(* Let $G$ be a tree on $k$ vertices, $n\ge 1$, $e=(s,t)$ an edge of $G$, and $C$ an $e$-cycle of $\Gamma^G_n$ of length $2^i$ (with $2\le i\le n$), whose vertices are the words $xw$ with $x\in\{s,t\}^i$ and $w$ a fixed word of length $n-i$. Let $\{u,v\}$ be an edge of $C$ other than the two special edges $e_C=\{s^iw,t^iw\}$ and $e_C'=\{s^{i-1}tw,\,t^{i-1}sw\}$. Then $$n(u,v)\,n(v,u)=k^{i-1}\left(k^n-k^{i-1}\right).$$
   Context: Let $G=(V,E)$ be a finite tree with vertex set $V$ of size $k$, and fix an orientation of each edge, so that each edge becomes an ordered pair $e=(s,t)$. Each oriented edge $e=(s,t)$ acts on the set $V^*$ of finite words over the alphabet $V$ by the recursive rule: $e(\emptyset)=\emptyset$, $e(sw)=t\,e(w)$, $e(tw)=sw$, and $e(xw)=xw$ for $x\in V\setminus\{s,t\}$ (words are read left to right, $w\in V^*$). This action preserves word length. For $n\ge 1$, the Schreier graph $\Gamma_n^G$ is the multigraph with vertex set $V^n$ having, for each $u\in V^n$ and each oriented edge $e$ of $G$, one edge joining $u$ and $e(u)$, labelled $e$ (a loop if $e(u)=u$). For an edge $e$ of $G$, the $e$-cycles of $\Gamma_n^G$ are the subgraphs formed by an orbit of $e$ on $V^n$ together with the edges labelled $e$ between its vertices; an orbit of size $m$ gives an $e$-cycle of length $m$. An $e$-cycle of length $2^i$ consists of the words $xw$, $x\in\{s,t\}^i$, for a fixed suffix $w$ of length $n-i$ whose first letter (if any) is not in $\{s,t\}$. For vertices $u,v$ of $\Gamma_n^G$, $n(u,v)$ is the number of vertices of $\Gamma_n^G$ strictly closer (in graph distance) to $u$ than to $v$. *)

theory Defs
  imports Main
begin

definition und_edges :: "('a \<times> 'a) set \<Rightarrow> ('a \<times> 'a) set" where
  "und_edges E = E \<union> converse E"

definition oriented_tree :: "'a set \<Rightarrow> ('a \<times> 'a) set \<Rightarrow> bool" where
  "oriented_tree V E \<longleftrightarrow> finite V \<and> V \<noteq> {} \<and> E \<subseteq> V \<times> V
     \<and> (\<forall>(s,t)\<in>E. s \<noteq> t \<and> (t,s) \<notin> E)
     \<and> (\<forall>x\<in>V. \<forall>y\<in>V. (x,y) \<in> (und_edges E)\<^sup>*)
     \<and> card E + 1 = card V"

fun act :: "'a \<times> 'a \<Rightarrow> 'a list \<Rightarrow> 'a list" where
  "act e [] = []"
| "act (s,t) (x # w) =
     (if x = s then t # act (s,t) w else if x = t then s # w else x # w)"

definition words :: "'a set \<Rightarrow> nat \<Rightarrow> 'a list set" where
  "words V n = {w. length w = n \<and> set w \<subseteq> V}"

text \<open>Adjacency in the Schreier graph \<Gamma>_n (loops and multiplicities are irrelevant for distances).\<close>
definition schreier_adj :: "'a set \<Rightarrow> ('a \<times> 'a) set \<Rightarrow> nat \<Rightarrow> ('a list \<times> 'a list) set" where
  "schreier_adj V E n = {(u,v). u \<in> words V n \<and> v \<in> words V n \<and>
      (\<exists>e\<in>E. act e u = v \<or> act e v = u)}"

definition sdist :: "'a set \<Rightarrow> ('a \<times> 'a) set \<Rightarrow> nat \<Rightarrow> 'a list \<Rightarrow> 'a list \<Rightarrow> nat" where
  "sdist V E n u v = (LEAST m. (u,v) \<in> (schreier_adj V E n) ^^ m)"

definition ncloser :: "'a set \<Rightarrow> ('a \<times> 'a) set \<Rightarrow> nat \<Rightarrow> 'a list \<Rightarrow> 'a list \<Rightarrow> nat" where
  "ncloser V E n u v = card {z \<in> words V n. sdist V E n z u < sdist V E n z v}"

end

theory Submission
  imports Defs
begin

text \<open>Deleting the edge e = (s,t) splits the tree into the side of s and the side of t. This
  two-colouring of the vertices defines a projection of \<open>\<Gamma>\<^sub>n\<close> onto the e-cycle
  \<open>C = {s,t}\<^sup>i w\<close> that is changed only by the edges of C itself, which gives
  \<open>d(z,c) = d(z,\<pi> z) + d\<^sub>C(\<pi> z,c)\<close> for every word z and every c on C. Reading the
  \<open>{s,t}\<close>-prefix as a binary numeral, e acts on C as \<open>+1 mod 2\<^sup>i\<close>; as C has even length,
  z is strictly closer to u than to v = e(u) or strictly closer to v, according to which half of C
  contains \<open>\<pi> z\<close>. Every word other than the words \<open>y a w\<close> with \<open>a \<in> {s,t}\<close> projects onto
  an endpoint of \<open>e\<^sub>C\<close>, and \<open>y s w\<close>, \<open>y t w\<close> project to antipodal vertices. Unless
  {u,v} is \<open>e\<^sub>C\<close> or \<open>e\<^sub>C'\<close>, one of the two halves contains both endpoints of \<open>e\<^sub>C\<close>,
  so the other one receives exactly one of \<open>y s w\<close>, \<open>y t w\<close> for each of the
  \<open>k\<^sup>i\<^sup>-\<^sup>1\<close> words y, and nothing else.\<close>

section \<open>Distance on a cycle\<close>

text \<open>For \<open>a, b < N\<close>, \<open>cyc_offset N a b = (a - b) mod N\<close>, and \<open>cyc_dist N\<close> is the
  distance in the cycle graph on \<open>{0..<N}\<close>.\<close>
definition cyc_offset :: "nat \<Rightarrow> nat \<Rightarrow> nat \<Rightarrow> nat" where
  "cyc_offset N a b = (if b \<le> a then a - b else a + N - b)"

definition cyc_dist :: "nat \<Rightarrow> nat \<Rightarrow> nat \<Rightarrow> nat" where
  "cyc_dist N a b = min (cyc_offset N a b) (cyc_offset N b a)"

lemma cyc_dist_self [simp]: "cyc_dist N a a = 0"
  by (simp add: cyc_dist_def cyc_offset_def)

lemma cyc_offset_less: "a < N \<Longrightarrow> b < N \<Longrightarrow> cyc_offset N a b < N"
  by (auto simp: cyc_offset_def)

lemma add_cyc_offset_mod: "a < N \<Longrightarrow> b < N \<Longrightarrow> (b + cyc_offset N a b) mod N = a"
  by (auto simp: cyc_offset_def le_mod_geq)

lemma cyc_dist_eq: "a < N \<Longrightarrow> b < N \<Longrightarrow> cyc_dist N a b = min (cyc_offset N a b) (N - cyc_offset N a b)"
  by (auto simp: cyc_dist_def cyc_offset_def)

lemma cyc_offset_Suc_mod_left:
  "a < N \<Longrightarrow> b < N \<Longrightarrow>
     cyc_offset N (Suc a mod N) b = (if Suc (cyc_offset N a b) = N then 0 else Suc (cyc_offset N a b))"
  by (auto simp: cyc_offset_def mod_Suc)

•••

Would you return the whole listing exactly as written?

(* Let $G$ be a tree on $k$ vertices, $n\ge 1$, $e=(s,t)$ an edge of $G$, and $C$ an $e$-cycle of $\Gamma^G_n$ of length $2^i$ (with $2\le i\le n$), whose vertices are the words $xw$ with $x\in\{s,t\}^i$ and $w$ a fixed word of length $n-i$. Let $\{u,v\}$ be an edge of $C$ other than the two special edges $e_C=\{s^iw,t^iw\}$ and $e_C'=\{s^{i-1}tw,\,t^{i-1}sw\}$. Then $$n(u,v)\,n(v,u)=k^{i-1}\left(k^n-k^{i-1}\right).$$
   Context: Let $G=(V,E)$ be a finite tree with vertex set $V$ of size $k$, and fix an orientation of each edge, so that each edge becomes an ordered pair $e=(s,t)$. Each oriented edge $e=(s,t)$ acts on the set $V^*$ of finite words over the alphabet $V$ by the recursive rule: $e(\emptyset)=\emptyset$, $e(sw)=t\,e(w)$, $e(tw)=sw$, and $e(xw)=xw$ for $x\in V\setminus\{s,t\}$ (words are read left to right, $w\in V^*$). This action preserves word length. For $n\ge 1$, the Schreier graph $\Gamma_n^G$ is the multigraph with vertex set $V^n$ having, for each $u\in V^n$ and each oriented edge $e$ of $G$, one edge joining $u$ and $e(u)$, labelled $e$ (a loop if $e(u)=u$). For an edge $e$ of $G$, the $e$-cycles of $\Gamma_n^G$ are the subgraphs formed by an orbit of $e$ on $V^n$ together with the edges labelled $e$ between its vertices; an orbit of size $m$ gives an $e$-cycle of length $m$. An $e$-cycle of length $2^i$ consists of the words $xw$, $x\in\{s,t\}^i$, for a fixed suffix $w$ of length $n-i$ whose first letter (if any) is not in $\{s,t\}$. For vertices $u,v$ of $\Gamma_n^G$, $n(u,v)$ is the number of vertices of $\Gamma_n^G$ strictly closer (in graph distance) to $u$ than to $v$. *)

theory Defs
  imports Main
begin

definition und_edges :: "('a \<times> 'a) set \<Rightarrow> ('a \<times> 'a) set" where
  "und_edges E = E \<union> converse E"

definition oriented_tree :: "'a set \<Rightarrow> ('a \<times> 'a) set \<Rightarrow> bool" where
  "oriented_tree V E \<longleftrightarrow> finite V \<and> V \<noteq> {} \<and> E \<subseteq> V \<times> V
     \<and> (\<forall>(s,t)\<in>E. s \<noteq> t \<and> (t,s) \<notin> E)
     \<and> (\<forall>x\<in>V. \<forall>y\<in>V. (x,y) \<in> (und_edges E)\<^sup>*)
     \<and> card E + 1 = card V"

fun act :: "'a \<times> 'a \<Rightarrow> 'a list \<Rightarrow> 'a list" where
  "act e [] = []"
| "act (s,t) (x # w) =
     (if x = s then t # act (s,t) w else if x = t then s # w else x # w)"

definition words :: "'a set \<Rightarrow> nat \<Rightarrow> 'a list set" where
  "words V n = {w. length w = n \<and> set w \<subseteq> V}"

text \<open>Adjacency in the Schreier graph \<Gamma>_n (loops and multiplicities are irrelevant for distances).\<close>
definition schreier_adj :: "'a set \<Rightarrow> ('a \<times> 'a) set \<Rightarrow> nat \<Rightarrow> ('a list \<times> 'a list) set" where
  "schreier_adj V E n = {(u,v). u \<in> words V n \<and> v \<in> words V n \<and>
      (\<exists>e\<in>E. act e u = v \<or> act e v = u)}"

definition sdist :: "'a set \<Rightarrow> ('a \<times> 'a) set \<Rightarrow> nat \<Rightarrow> 'a list \<Rightarrow> 'a list \<Rightarrow> nat" where
  "sdist V E n u v = (LEAST m. (u,v) \<in> (schreier_adj V E n) ^^ m)"

definition ncloser :: "'a set \<Rightarrow> ('a \<times> 'a) set \<Rightarrow> nat \<Rightarrow> 'a list \<Rightarrow> 'a list \<Rightarrow> nat" where
  "ncloser V E n u v = card {z \<in> words V n. sdist V E n z u < sdist V E n z v}"

end

theory Submission
  imports Defs
begin

text \<open>Deleting the edge e = (s,t) splits the tree into the side of s and the side of t. This
  two-colouring of the vertices defines a projection of \<open>\<Gamma>\<^sub>n\<close> onto the e-cycle
  \<open>C = {s,t}\<^sup>i w\<close> that is changed only by the edges of C itself, which gives
  \<open>d(z,c) = d(z,\<pi> z) + d\<^sub>C(\<pi> z,c)\<close> for every word z and every c on C. Reading the
  \<open>{s,t}\<close>-prefix as a binary numeral, e acts on C as \<open>+1 mod 2\<^sup>i\<close>; as C has even length,
  z is strictly closer to u than to v = e(u) or strictly closer to v, according to which half of C
  contains \<open>\<pi> z\<close>. Every word other than the words \<open>y a w\<close> with \<open>a \<in> {s,t}\<close> projects onto
  an endpoint of \<open>e\<^sub>C\<close>, and \<open>y s w\<close>, \<open>y t w\<close> project to antipodal vertices. Unless
  {u,v} is \<open>e\<^sub>C\<close> or \<open>e\<^sub>C'\<close>, one of the two halves contains both endpoints of \<open>e\<^sub>C\<close>,
  so the other one receives exactly one of \<open>y s w\<close>, \<open>y t w\<close> for each of the
  \<open>k\<^sup>i\<^sup>-\<^sup>1\<close> words y, and nothing else.\<close>

section \<open>Distance on a cycle\<close>

text \<open>For \<open>a, b < N\<close>, \<open>cyc_offset N a b = (a - b) mod N\<close>, and \<open>cyc_dist N\<close> is the
  distance in the cycle graph on \<open>{0..<N}\<close>.\<close>
definition cyc_offset :: "nat \<Rightarrow> nat \<Rightarrow> nat \<Rightarrow> nat" where
  "cyc_offset N a b = (if b \<le> a then a - b else a + N - b)"

definition cyc_dist :: "nat \<Rightarrow> nat \<Rightarrow> nat \<Rightarrow> nat" where
  "cyc_dist N a b = min (cyc_offset N a b) (cyc_offset N b a)"

lemma cyc_dist_self [simp]: "cyc_dist N a a = 0"
  by (simp add: cyc_dist_def cyc_offset_def)

lemma cyc_offset_less: "a < N \<Longrightarrow> b < N \<Longrightarrow> cyc_offset N a b < N"
  by (auto simp: cyc_offset_def)

lemma add_cyc_offset_mod: "a < N \<Longrightarrow> b < N \<Longrightarrow> (b + cyc_offset N a b) mod N = a"
  by (auto simp: cyc_offset_def le_mod_geq)

lemma cyc_dist_eq: "a < N \<Longrightarrow> b < N \<Longrightarrow> cyc_dist N a b = min (cyc_offset N a b) (N - cyc_offset N a b)"
  by (auto simp: cyc_dist_def cyc_offset_def)

lemma cyc_offset_Suc_mod_left:
  "a < N \<Longrightarrow> b < N \<Longrightarrow>
     cyc_offset N (Suc a mod N) b = (if Suc (cyc_offset N a b) = N then 0 else Suc (cyc_offset N a b))"
  by (auto simp: cyc_offset_def mod_Suc)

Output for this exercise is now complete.